He showed a surprising lack of knowledge of the British Labour Movement. He gave to conscious and intelligent Communism a far larger place in British politics than can truly be accorded to it, seeing there is as yet no organised Communist party, but only a handful of extremists of the older Socialist movements.

When asked why he considered a certain individual to be of importance in the political world of Great Britain he gave as his reason that the British Government had arrested her! He did not seem to be aware of the fact that the policy of the British Government during the war was, as a rule, to arrest the little people who were without following and let the bigger folk go free. Scores of examples of this could have been supplied to him had it been of importance, which was not the case.

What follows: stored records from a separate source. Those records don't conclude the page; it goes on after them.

lemma svm01_dual_feasible_sum_le_inner:
  fixes x :: "'r::finite \<Rightarrow> real^'s"
  assumes "svm01_dual_feasible c z" and sep: "\<forall>i. c i * (inner w (x i) + w0) \<ge> 1"
  shows "(\<Sum>i\<in>UNIV. z $ i) \<le> inner w (\<Sum>i\<in>UNIV. (c i * z $ i) *\<^sub>R x i)"
proof -
  have z_nonneg: "\<And>i. 0 \<le> z $ i" and balanced: "(\<Sum>i\<in>UNIV. c i * z $ i) = 0"
    using assms(1) unfolding svm01_dual_feasible_def by auto
  have "(\<Sum>i\<in>UNIV. z $ i) \<le> (\<Sum>i\<in>UNIV. z $ i * (c i * (inner w (x i) + w0)))"
    using sep z_nonneg by (intro sum_mono) (metis mult.right_neutral mult_left_mono)
  also have "\<dots> = (\<Sum>i\<in>UNIV. (c i * z $ i) * inner w (x i)) + w0 * (\<Sum>i\<in>UNIV. c i * z $ i)"
    by (simp add: sum_distrib_left sum.distrib algebra_simps)
  also have "\<dots> = inner w (\<Sum>i\<in>UNIV. (c i * z $ i) *\<^sub>R x i)"
    using balanced by (simp add: inner_sum_right)
  finally show ?thesis .
qed

lemma svm01_dual_nonpos_imp_sum_le:
  fixes x :: "'r::finite \<Rightarrow> real^'s"
  assumes mu: "\<forall>i. mu $ i \<ge> 0" and "svm01_dual_feasible c z"
    and sep: "\<forall>i. c i * (inner w (x i) + w0) \<ge> 1" and "svm01_dual x c mu z \<le> 0"
  shows "(\<Sum>i\<in>UNIV. z $ i) \<le> 2 * (norm w)^2"
proof -
  define v where "v = (\<Sum>i\<in>UNIV. (c i * z $ i) *\<^sub>R x i)"
  have sum_le: "(\<Sum>i\<in>UNIV. z $ i) \<le> norm w * norm v"
    using svm01_dual_feasible_sum_le_inner[OF assms(2) sep] norm_cauchy_schwarz[of w v]
    unfolding v_def by linarith
  have "(\<Sum>i | z $ i \<noteq> 0. mu $ i) \<ge> 0"
    using mu by (simp add: sum_nonneg)
  then have "(1/2) * (norm v)^2 \<le> (\<Sum>i\<in>UNIV. z $ i)"
    using assms(4) by (simp add: svm01_dual_eq_support_sum v_def)
  then have sq_le: "norm v * norm v \<le> (2 * norm w) * norm v"
    using sum_le unfolding power2_eq_square by linarith
  have "norm v \<le> 2 * norm w"
  proof (cases "norm v = 0")
    case False
    then show ?thesis
      using mult_right_le_imp_le[OF sq_le] by simp
  qed simp
  then have "norm w * norm v \<le> 2 * (norm w)^2"
    using mult_left_mono[of "norm v" "2 * norm w" "norm w"] by (simp add: power2_eq_square)
  with sum_le show ?thesis
    by linarith
qed

lemma svm01_dual_attains_inf_on_compact:
  fixes x :: "'r::finite \<Rightarrow> real^'s"
  assumes "compact K" "K \<noteq> {}" and mu: "\<forall>i. mu $ i \<ge> 0"
  shows "\<exists>m\<in>K. \<forall>z\<in>K. svm01_dual x c mu m \<le> svm01_dual x c mu z"
proof -
  define C where "C J = (\<Inter>i\<in>-J. {z::real^'r. z $ i = 0})" for J :: "'r set"
  define \<phi> where "\<phi> J z = (1/2) * (norm (\<Sum>i\<in>UNIV. (c i * z $ i) *\<^sub>R x i))^2
      - (\<Sum>i\<in>UNIV. z $ i) + (\<Sum>i\<in>J. mu $ i)" for J :: "'r set" and z
  show ?thesis
  proof (rule attains_inf_piecewise_continuous[where I = UNIV and C = C and \<phi> = \<phi>])
    fix J :: "'r set"
    show "closed (C J)"
      unfolding C_def by (intro closed_INT ballI closed_Collect_eq continuous_intros)
    show "continuous_on (C J) (\<phi> J)"
      unfolding \<phi>_def by (intro continuous_intros)
    fix z assume "z \<in> C J"
    then have "{i. z $ i \<noteq> 0} \<subseteq> J"
      by (auto simp: C_def)
    then show "svm01_dual x c mu z \<le> \<phi> J z"
      using mu by (simp add: \<phi>_def svm01_dual_eq_support_sum sum_mono2)
  next
    fix z
    show "\<exists>J\<in>UNIV. z \<in> C J \<and> \<phi> J z \<le> svm01_dual x c mu z"
      by (rule bexI[of _ "{i. z $ i \<noteq> 0}"]) (auto simp: C_def \<phi>_def svm01_dual_eq_support_sum)
  qed (use assms in simp_all)
qed

lemma svm01_dual_has_minimizer_if_separable:
  fixes x :: "'r::finite \<Rightarrow> real^'s"
  assumes mu: "\<forall>i. mu $ i \<ge> 0" and sep: "\<forall>i. c i * (inner w (x i) + w0) \<ge> 1"
  shows "\<exists>z. svm01_dual_feasible c z \<and>
              (\<forall>z'. svm01_dual_feasible c z' \<longrightarrow> svm01_dual x c mu z \<le> svm01_dual x c mu z')"
proof -
  define F where "F = svm01_dual x c mu"
  define B where "B = 2 * (norm w)^2"
  define K where "K = cbox 0 (\<chi> i. B) \<inter> {z::real^'r. (\<Sum>i\<in>UNIV. c i * z $ i) = 0}"
  have K_iff: "z \<in> K \<longleftrightarrow> svm01_dual_feasible c z \<and> (\<forall>i. z $ i \<le> B)" for z
    unfolding K_def svm01_dual_feasible_def by (auto simp: mem_box_cart)
  have "0 \<in> K"
    by (simp add: K_iff svm01_dual_feasible_def B_def)
  have "compact K"
    unfolding K_def by (intro compact_Int_closed compact_cbox closed_Collect_eq continuous_intros)
  moreover have "K \<noteq> {}"
    using \<open>0 \<in> K\<close> by blast
  ultimately have "\<exists>m\<in>K. \<forall>z\<in>K. F m \<le> F z"
    unfolding F_def by (rule svm01_dual_attains_inf_on_compact[OF _ _ mu])
  then obtain m where "m \<in> K" and m_min: "\<And>z. z \<in> K \<Longrightarrow> F m \<le> F z"
    by blast
  have "F m \<le> F z" if feasible: "svm01_dual_feasible c z" for z
  proof (cases "z \<in> K")
    case True
    then show ?thesis
      by (rule m_min)
  next
    case False
    then obtain j where "z $ j > B"
      using feasible by (auto simp: K_iff not_le)
    moreover have "z $ j \<le> (\<Sum>i\<in>UNIV. z $ i)"
      using feasible by (intro member_le_sum) (auto simp: svm01_dual_feasible_def)
    ultimately have "\<not> svm01_dual x c mu z \<le> 0"
      using svm01_dual_nonpos_imp_sum_le[OF mu feasible sep] unfolding B_def by linarith
    moreover have "F m \<le> F 0"
      using m_min \<open>0 \<in> K\<close> .
    ultimately show ?thesis
      by (simp add: F_def svm01_dual_def)
  qed
  then show ?thesis
    using \<open>m \<in> K\<close> by (auto simp: K_iff F_def)
qed

lemma gordan_alternative:
  fixes g :: "'i::finite \<Rightarrow> 'a::euclidean_space"
  assumes "\<nexists>u. \<forall>i. inner u (g i) > 0"
  shows "\<exists>y. (\<forall>i. 0 \<le> y i) \<and> sum y UNIV = 1 \<and> (\<Sum>i\<in>UNIV. y i *\<^sub>R g i) = 0"
proof -
  define T where "T = {(\<Sum>i\<in>UNIV. y i *\<^sub>R g i) | y. (\<forall>i. 0 \<le> y i) \<and> sum y UNIV = 1}"
  have "g j \<in> T" for j
  proof -
    have "(\<Sum>i\<in>UNIV. of_bool (i = j) *\<^sub>R g i) = (\<Sum>i\<in>UNIV. if i = j then g i else 0)"
      by (intro sum.cong) auto
    then have "(\<Sum>i\<in>UNIV. of_bool (i = j) *\<^sub>R g i) = g j"
      by simp
    then show ?thesis
      unfolding T_def by (intro CollectI exI[of _ "\<lambda>i. of_bool (i = j)"]) simp
  qed
  moreover have "convex T"
  proof (rule convexI)
    fix q1 q2 and u v :: real
    assume "q1 \<in> T" "q2 \<in> T" and uv: "0 \<le> u" "0 \<le> v" "u + v = 1"
    then obtain y1 y2 where
      y1: "\<forall>i. 0 \<le> y1 i" "sum y1 UNIV = 1" "q1 = (\<Sum>i\<in>UNIV. y1 i *\<^sub>R g i)" and
      y2: "\<forall>i. 0 \<le> y2 i" "sum y2 UNIV = 1" "q2 = (\<Sum>i\<in>UNIV. y2 i *\<^sub>R g i)"
      unfolding T_def by blast
    show "u *\<^sub>R q1 + v *\<^sub>R q2 \<in> T"
      unfolding T_def
      by (intro CollectI exI[of _ "\<lambda>i. u * y1 i + v * y2 i"])
         (use y1 y2 uv in \<open>auto simp: sum.distrib sum_distrib_left[symmetric]
            scaleR_sum_right scaleR_add_left\<close>)
  qed
  ultimately have hull_T: "convex hull (range g) \<subseteq> T"
    by (intro hull_minimal) auto
  have "0 \<in> convex hull (range g)"
  proof (rule ccontr)
    assume "0 \<notin> convex hull (range g)"
    moreover have "closed (convex hull (range g))"
      by (intro compact_imp_closed compact_convex_hull finite_imp_compact) simp
    ultimately obtain a b where "0 < b" and "\<forall>q\<in>convex hull (range g). inner a q > b"
      using separating_hyperplane_closed_0 convex_convex_hull by blast
    then have "\<forall>i. inner a (g i) > 0"
      by (metis hull_inc order.strict_trans rangeI)
    with assms show False
      by blast
  qed
  with hull_T have "0 \<in> T"
    by blast
  then show ?thesis
    unfolding T_def by (auto dest: sym)
qed

lemma not_separable_imp_balanced_combination:
  fixes x :: "'r::finite \<Rightarrow> real^'s"
  assumes "\<nexists>w w0. \<forall>i. c i * (inner w (x i) + w0) \<ge> 1"
  shows "\<exists>y. (\<forall>i. 0 \<le> y i) \<and> sum y UNIV = 1 \<and> (\<Sum>i\<in>UNIV. c i * y i) = 0
            \<and> (\<Sum>i\<in>UNIV. (c i * y i) *\<^sub>R x i) = 0"
proof -
  define g where "g i = (c i *\<^sub>R x i, c i)" for i
  have "\<nexists>u. \<forall>i. inner u (g i) > 0"
  proof
    assume "\<exists>u. \<forall>i. inner u (g i) > 0"
    then obtain w w0 where pos: "\<forall>i. c i * (inner w (x i) + w0) > 0"
      by (force simp: g_def algebra_simps)
    define \<delta> where "\<delta> = Min (range (\<lambda>i. c i * (inner w (x i) + w0)))"
    have "\<delta> > 0"
      using pos by (simp add: \<delta>_def)
    have "c i * (inner (w /\<^sub>R \<delta>) (x i) + w0 / \<delta>) \<ge> 1" for i
    proof -
      have "\<delta> \<le> c i * (inner w (x i) + w0)"
        by (simp add: \<delta>_def)
      then show ?thesis
        using \<open>\<delta> > 0\<close> by (simp add: field_simps)
    qed
    with assms show False
      by blast
  qed
  then obtain y where "\<forall>i. 0 \<le> y i" "sum y UNIV = 1" and combination: "(\<Sum>i\<in>UNIV. y i *\<^sub>R g i) = 0"
    using gordan_alternative by blast
  moreover have "(\<Sum>i\<in>UNIV. y i *\<^sub>R g i) = ((\<Sum>i\<in>UNIV. (c i * y i) *\<^sub>R x i), (\<Sum>i\<in>UNIV. c i * y i))"
    by (simp add: g_def prod_eq_iff fst_sum snd_sum mult.commute)
  ultimately show ?thesis
    by (auto simp: zero_prod_def)
qed

lemma svm01_dual_unbounded_below_if_not_separable:
  fixes x :: "'r::finite \<Rightarrow> real^'s"
  assumes mu: "\<forall>i. mu $ i \<ge> 0" and "\<nexists>w w0. \<forall>i. c i * (inner w (x i) + w0) \<ge> 1"
  shows "\<exists>z. svm01_dual_feasible c z \<and> svm01_dual x c mu z < b"
proof -
  obtain y where y: "\<forall>i. 0 \<le> y i" "sum y UNIV = 1" "(\<Sum>i\<in>UNIV. c i * y i) = 0"
      "(\<Sum>i\<in>UNIV. (c i * y i) *\<^sub>R x i) = 0"
    using not_separable_imp_balanced_combination[OF assms(2)] by blast
  define s where "s = \<bar>(\<Sum>i\<in>UNIV. mu $ i) - b\<bar> + 1"
  define z where "z = (\<chi> i. s * y i)"
  have "s > 0"
    by (simp add: s_def add_nonneg_pos)
  have "svm01_dual_feasible c z"
    using y \<open>s > 0\<close> by (simp add: svm01_dual_feasible_def z_def sum_distrib_left[symmetric] algebra_simps)
  moreover have "svm01_dual x c mu z < b"
  proof -
    have "(\<Sum>i\<in>UNIV. (c i * z $ i) *\<^sub>R x i) = s *\<^sub>R (\<Sum>i\<in>UNIV. (c i * y i) *\<^sub>R x i)"
      by (simp add: z_def scaleR_sum_right algebra_simps)
    moreover have "(\<Sum>i\<in>UNIV. z $ i) = s"
      using y(2) by (simp add: z_def sum_distrib_left[symmetric])
    moreover have "(\<Sum>i | z $ i \<noteq> 0. mu $ i) \<le> (\<Sum>i\<in>UNIV. mu $ i)"
      using mu by (intro sum_mono2) auto
    ultimately show ?thesis
      using y(4) by (simp add: svm01_dual_eq_support_sum s_def)
  qed
  ultimately show ?thesis
    by blast
qed

theorem mainTheorem8:
  fixes x :: "'r::finite \<Rightarrow> real^'s"
    and c :: "'r \<Rightarrow> real"
    and lam :: real
    and mu :: "real^'r"
  assumes "\<forall>i. c i = -1 \<or> c i = 1"
    and "lam > 0"
    and "\<forall>i. mu $ i > 0"
  shows "(\<exists>w w0. \<forall>w' w0'. svm01_primal x c lam w w0 \<le> svm01_primal x c lam w' w0')
       \<and> ((\<exists>z. svm01_dual_feasible c z \<and>
              (\<forall>z'. svm01_dual_feasible c z' \<longrightarrow> svm01_dual x c mu z \<le> svm01_dual x c mu z'))
          \<longleftrightarrow> (\<exists>w w0. \<forall>i. c i * (inner w (x i) + w0) \<ge> 1))"
proof (intro conjI iffI)
  have mu: "\<forall>i. mu $ i \<ge> 0"
    using assms(3) by (simp add: less_imp_le)
  show "\<exists>w w0. \<forall>w' w0'. svm01_primal x c lam w w0 \<le> svm01_primal x c lam w' w0'"
    using assms(2) by (intro svm01_primal_has_minimizer[OF assms(1)]) simp
  show "\<exists>z. svm01_dual_feasible c z \<and>
          (\<forall>z'. svm01_dual_feasible c z' \<longrightarrow> svm01_dual x c mu z \<le> svm01_dual x c mu z')"
    if "\<exists>w w0. \<forall>i. c i * (inner w (x i) + w0) \<ge> 1"
    using that svm01_dual_has_minimizer_if_separable[OF mu] by blast
  show "\<exists>w w0. \<forall>i. c i * (inner w (x i) + w0) \<ge> 1"
    if dual_min: "\<exists>z. svm01_dual_feasible c z \<and>
          (\<forall>z'. svm01_dual_feasible c z' \<longrightarrow> svm01_dual x c mu z \<le> svm01_dual x c mu z')"
  proof (rule ccontr)
    assume "\<not> (\<exists>w w0. \<forall>i. c i * (inner w (x i) + w0) \<ge> 1)"
    moreover obtain z where "\<forall>z'. svm01_dual_feasible c z' \<longrightarrow> svm01_dual x c mu z \<le> svm01_dual x c mu z'"
      using dual_min by blast
    ultimately show False
      using svm01_dual_unbounded_below_if_not_separable[OF mu, of c x "svm01_dual x c mu z"]
      by (auto simp: not_less)
  qed
qed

Lenin believes that a very tiny Communist group, working upon a mass of inflammable human beings, suffering from unemployment and hunger, can make the revolution necessary to establish a new order of society. He urges all Communists in Great Britain to get together in one party and work to this end. He appears to think that the British revolution is imminent. He has no use for the pacifist philosophy of life and believes that only the working classes should be armed and the rest disarmed. He looks for a world-revolution in which the toiling masses shall own and control everything. I do not know from personal speech his opinion on the Polish business; but I was credibly informed that he is more or less indifferent to peace and cares little about the raising of the blockade and the resumption of trade with Great Britain. His view is simple. Everything that promotes conditions favourable for a world-revolution is to be approved. The rest matters little.

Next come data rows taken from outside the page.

(* Let $k\in\mathbb{N}$ and let $A\subseteq\mathbb{N}$ with $\min(A)=0$ and $\max(A)\le k$. If $B$ and $D$ are different divisors of $A$, then $F(B)\cap F(D)=\emptyset$.
   Context: $\mathbb{N}=\{0,1,2,\ldots\}$, $[m]=\{0,1,\ldots,m\}$ (with $[m]=\emptyset$ for $m<0$). $S+T=\{s+t:s\in S,t\in T\}$. A set $B\subseteq\mathbb{N}$ is a divisor of $A$ if $B+C=A$ for some $C\subseteq\mathbb{N}$. For $A$ as in the claim and sets $X,Y$ with $X+Y=A$, define $Y_X=Y\cup\{s\in[k]\setminus A: s<\max(X)\}\cup\{s-\max(X): s\in[k]\setminus A,\ s\ge\max(X)\}$ ($k$-promotion). For a divisor $B$ of $A$, $F(B)$ is the set of subsets of $\mathbb{N}$ obtained as follows: for each $C\subseteq\mathbb{N}$ with $B+C=A$, if $\max(B)\le\max(C)$ then $B\in F(B)$, and if $\max(B)\ge\max(C)$ then $B_C\in F(B)$, where $B_C=B\cup\{s\in[k]\setminus A:s<\max(C)\}\cup\{s-\max(C):s\in[k]\setminus A,\ s\ge\max(C)\}$ (so if $\max(C)=\max(B)$ both $B$ and $B_C$ lie in $F(B)$). *)

theory Defs
  imports Main
begin

definition sumset :: "nat set \<Rightarrow> nat set \<Rightarrow> nat set" where
  "sumset S T = {s + t | s t. s \<in> S \<and> t \<in> T}"

definition is_divisor :: "nat set \<Rightarrow> nat set \<Rightarrow> bool" where
  "is_divisor A B \<longleftrightarrow> (\<exists>C. sumset B C = A)"

definition promotion :: "nat \<Rightarrow> nat set \<Rightarrow> nat set \<Rightarrow> nat set \<Rightarrow> nat set" where
  "promotion k A Y X = Y \<union> {s \<in> {0..k} - A. s < Max X}
      \<union> {s - Max X | s. s \<in> {0..k} - A \<and> s \<ge> Max X}"

definition Fam :: "nat \<Rightarrow> nat set \<Rightarrow> nat set \<Rightarrow> nat set set" where
  "Fam k A B = {E. \<exists>C. sumset B C = A \<and>
      ((Max B \<le> Max C \<and> E = B) \<or> (Max B \<ge> Max C \<and> E = promotion k A B C))}"

end

theory Submission
  imports Defs
begin

text \<open>Each member E of F(B) produced from a cofactor C is B together with a set of shifted
  gaps of A that is disjoint from B, so B is recovered from E once Max C is known.
  And Max C is read off from Max E: without promotion Max E = Max A - Max C \<le> Max C,
  with promotion Max E = k - Max C and 2 Max C \<le> Max A. Since Max A \<le> k these two
  readings agree, so a common member of F(B) and F(D) forces B = D.\<close>

definition promoted_gaps :: "nat \<Rightarrow> nat set \<Rightarrow> nat \<Rightarrow> nat set" where
  "promoted_gaps k A m = {s \<in> {0..k} - A. s < m} \<union> {s - m | s. s \<in> {0..k} - A \<and> s \<ge> m}"

lemma promotion_eq_Un_promoted_gaps:
  "promotion k A Y X = Y \<union> promoted_gaps k A (Max X)"
  unfolding promotion_def promoted_gaps_def by blast

lemma sumset_commute: "sumset B C = sumset C B"
  unfolding sumset_def by (auto; metis add.commute)

lemma zero_mem_sumsetD:
  assumes "0 \<in> sumset B C"
  shows "0 \<in> B" "0 \<in> C"
  using assms unfolding sumset_def by auto

lemma subset_sumset_if_zero_mem:
  assumes "0 \<in> C"
  shows "B \<subseteq> sumset B C"
  using assms unfolding sumset_def by force

lemma Max_sumset:
  assumes "finite B" "B \<noteq> {}" "finite C" "C \<noteq> {}"
  shows "Max (sumset B C) = Max B + Max C"
proof (rule Max_eqI)
  show "finite (sumset B C)"
  proof -
    have "sumset B C = (\<lambda>(b, c). b + c) ` (B \<times> C)"
      unfolding sumset_def by auto
    then show ?thesis using assms by simp
  qed
  show "Max B + Max C \<in> sumset B C"
    using assms unfolding sumset_def by (blast intro: Max_in)
  show "x \<le> Max B + Max C" if "x \<in> sumset B C" for x
    using that assms unfolding sumset_def by (auto intro: add_mono)
qed

lemma factors_of_sumset_with_zero:
  assumes "sumset B C = A" "finite A" "0 \<in> A"
  shows "0 \<in> B" "0 \<in> C" "B \<subseteq> A" "C \<subseteq> A" "finite B" "finite C"
    and "Max A = Max B + Max C"
proof -
  show B0: "0 \<in> B" and C0: "0 \<in> C"
    using zero_mem_sumsetD assms(1,3) by blast+
  show BA: "B \<subseteq> A"
    using subset_sumset_if_zero_mem[OF C0] assms(1) by blast
  show CA: "C \<subseteq> A"
    using subset_sumset_if_zero_mem[OF B0] assms(1) sumset_commute by metis
  show "finite B" "finite C"
    using BA CA assms(2) finite_subset by blast+
  then show "Max A = Max B + Max C"
    using Max_sumset B0 C0 assms(1) by blast
qed

lemma disjoint_promoted_gaps:
  assumes "sumset B C = A" "finite A" "0 \<in> A"
  shows "B \<inter> promoted_gaps k A (Max C) = {}"
proof -
  note facts = factors_of_sumset_with_zero[OF assms]
  have "b \<in> A \<and> b + Max C \<in> A" if "b \<in> B" for b
    using that facts Max_in[of C] assms(1) unfolding sumset_def by blast
  then show ?thesis
    unfolding promoted_gaps_def by force
qed

lemma Max_promotion:
  assumes "sumset B C = A" "finite A" "0 \<in> A" "Max A \<le> k" "Max C \<le> Max B"
  shows "Max (promotion k A B C) = k - Max C"
proof (rule Max_eqI)
  note facts = factors_of_sumset_with_zero[OF assms(1-3)]
  show "finite (promotion k A B C)"
    using facts unfolding promotion_def by auto
  show "x \<le> k - Max C" if x: "x \<in> promotion k A B C" for x
  proof -
    consider "x \<in> B" | "x < Max C" | s where "s \<le> k" "x = s - Max C"
      using x unfolding promotion_def by auto
    then show ?thesis
    proof cases
      case 1
      then show ?thesis using Max_ge[of B x] facts assms(4) by linarith
    qed (use facts assms(4,5) in linarith)+
  qed
  show "k - Max C \<in> promotion k A B C"
  proof (cases "k \<in> A")
    case True
    then have "k - Max C = Max B"
      using Max_ge[OF assms(2)] facts assms(4) by fastforce
    moreover have "Max B \<in> B"
      using Max_in facts by blast
    ultimately show ?thesis
      unfolding promotion_def by simp
  next
    case False
    then show ?thesis
      using facts assms(4) unfolding promotion_def by auto
  qed
qed

lemma Fam_memE:
  assumes "E \<in> Fam k A B" "finite A" "0 \<in> A" "Max A \<le> k"
  obtains C where "B = E - promoted_gaps k A (Max C)"
    and "Max E + Max C = Max A \<and> Max E \<le> Max C \<or> Max E + Max C = k \<and> 2 * Max C \<le> Max A"
proof -
  obtain C where C: "sumset B C = A"
    and cases: "Max B \<le> Max C \<and> E = B \<or> Max C \<le> Max B \<and> E = promotion k A B C"
    using assms(1) unfolding Fam_def by blast
  note facts = factors_of_sumset_with_zero[OF C assms(2,3)]
  have "B = E - promoted_gaps k A (Max C)"
    using cases disjoint_promoted_gaps[OF C assms(2,3)] promotion_eq_Un_promoted_gaps by auto
  moreover have "Max E + Max C = Max A \<and> Max E \<le> Max C \<or> Max E + Max C = k \<and> 2 * Max C \<le> Max A"
    using cases Max_promotion[OF C assms(2-4)] facts(7) assms(4) by auto
  ultimately show thesis by (rule that)
qed

theorem mainTheorem5:
  fixes k :: nat and A B D :: "nat set"
  assumes "finite A" and "A \<noteq> {}" and "Min A = 0" and "Max A \<le> k"
    and "is_divisor A B" and "is_divisor A D" and "B \<noteq> D"
  shows "Fam k A B \<inter> Fam k A D = {}"
proof (rule ccontr)
  assume "Fam k A B \<inter> Fam k A D \<noteq> {}"
  then obtain E where EB: "E \<in> Fam k A B" and ED: "E \<in> Fam k A D" by blast
  have "0 \<in> A" using assms(1-3) Min_in by fastforce
  obtain C where B: "B = E - promoted_gaps k A (Max C)"
    and levelC: "Max E + Max C = Max A \<and> Max E \<le> Max C \<or> Max E + Max C = k \<and> 2 * Max C \<le> Max A"
    using Fam_memE[OF EB assms(1) \<open>0 \<in> A\<close> assms(4)] .
  obtain C' where D: "D = E - promoted_gaps k A (Max C')"
    and levelC': "Max E + Max C' = Max A \<and> Max E \<le> Max C' \<or> Max E + Max C' = k \<and> 2 * Max C' \<le> Max A"
    using Fam_memE[OF ED assms(1) \<open>0 \<in> A\<close> assms(4)] .
  have "Max C = Max C'" using levelC levelC' assms(4) by linarith
  then show False using B D assms(7) by simp
qed

end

At the same time, I believe him to be altogether too sane to be ready to throw away when it offers opportunities of really beginning to develop the Communist State.

Lenin, like all the Communists, conveys the impression of awful sureness of himself, of an immovable and overpowering self-confidence. It is not the smiling self-complacency, the shallow cocksureness of that very common individual amongst us who is sure that wisdom will die with him. It is the deadly certainty that he is right and everybody who differs from him is wrong, of the scholar and fanatic who would sacrifice his own head as readily as he would sacrifice yours in the believed interests of the thing he loves. The war has proved the danger of entrusting the world’s training and the affairs of State to professors. And Lenin is above all things the keen-brained, dogmatic professor in politics.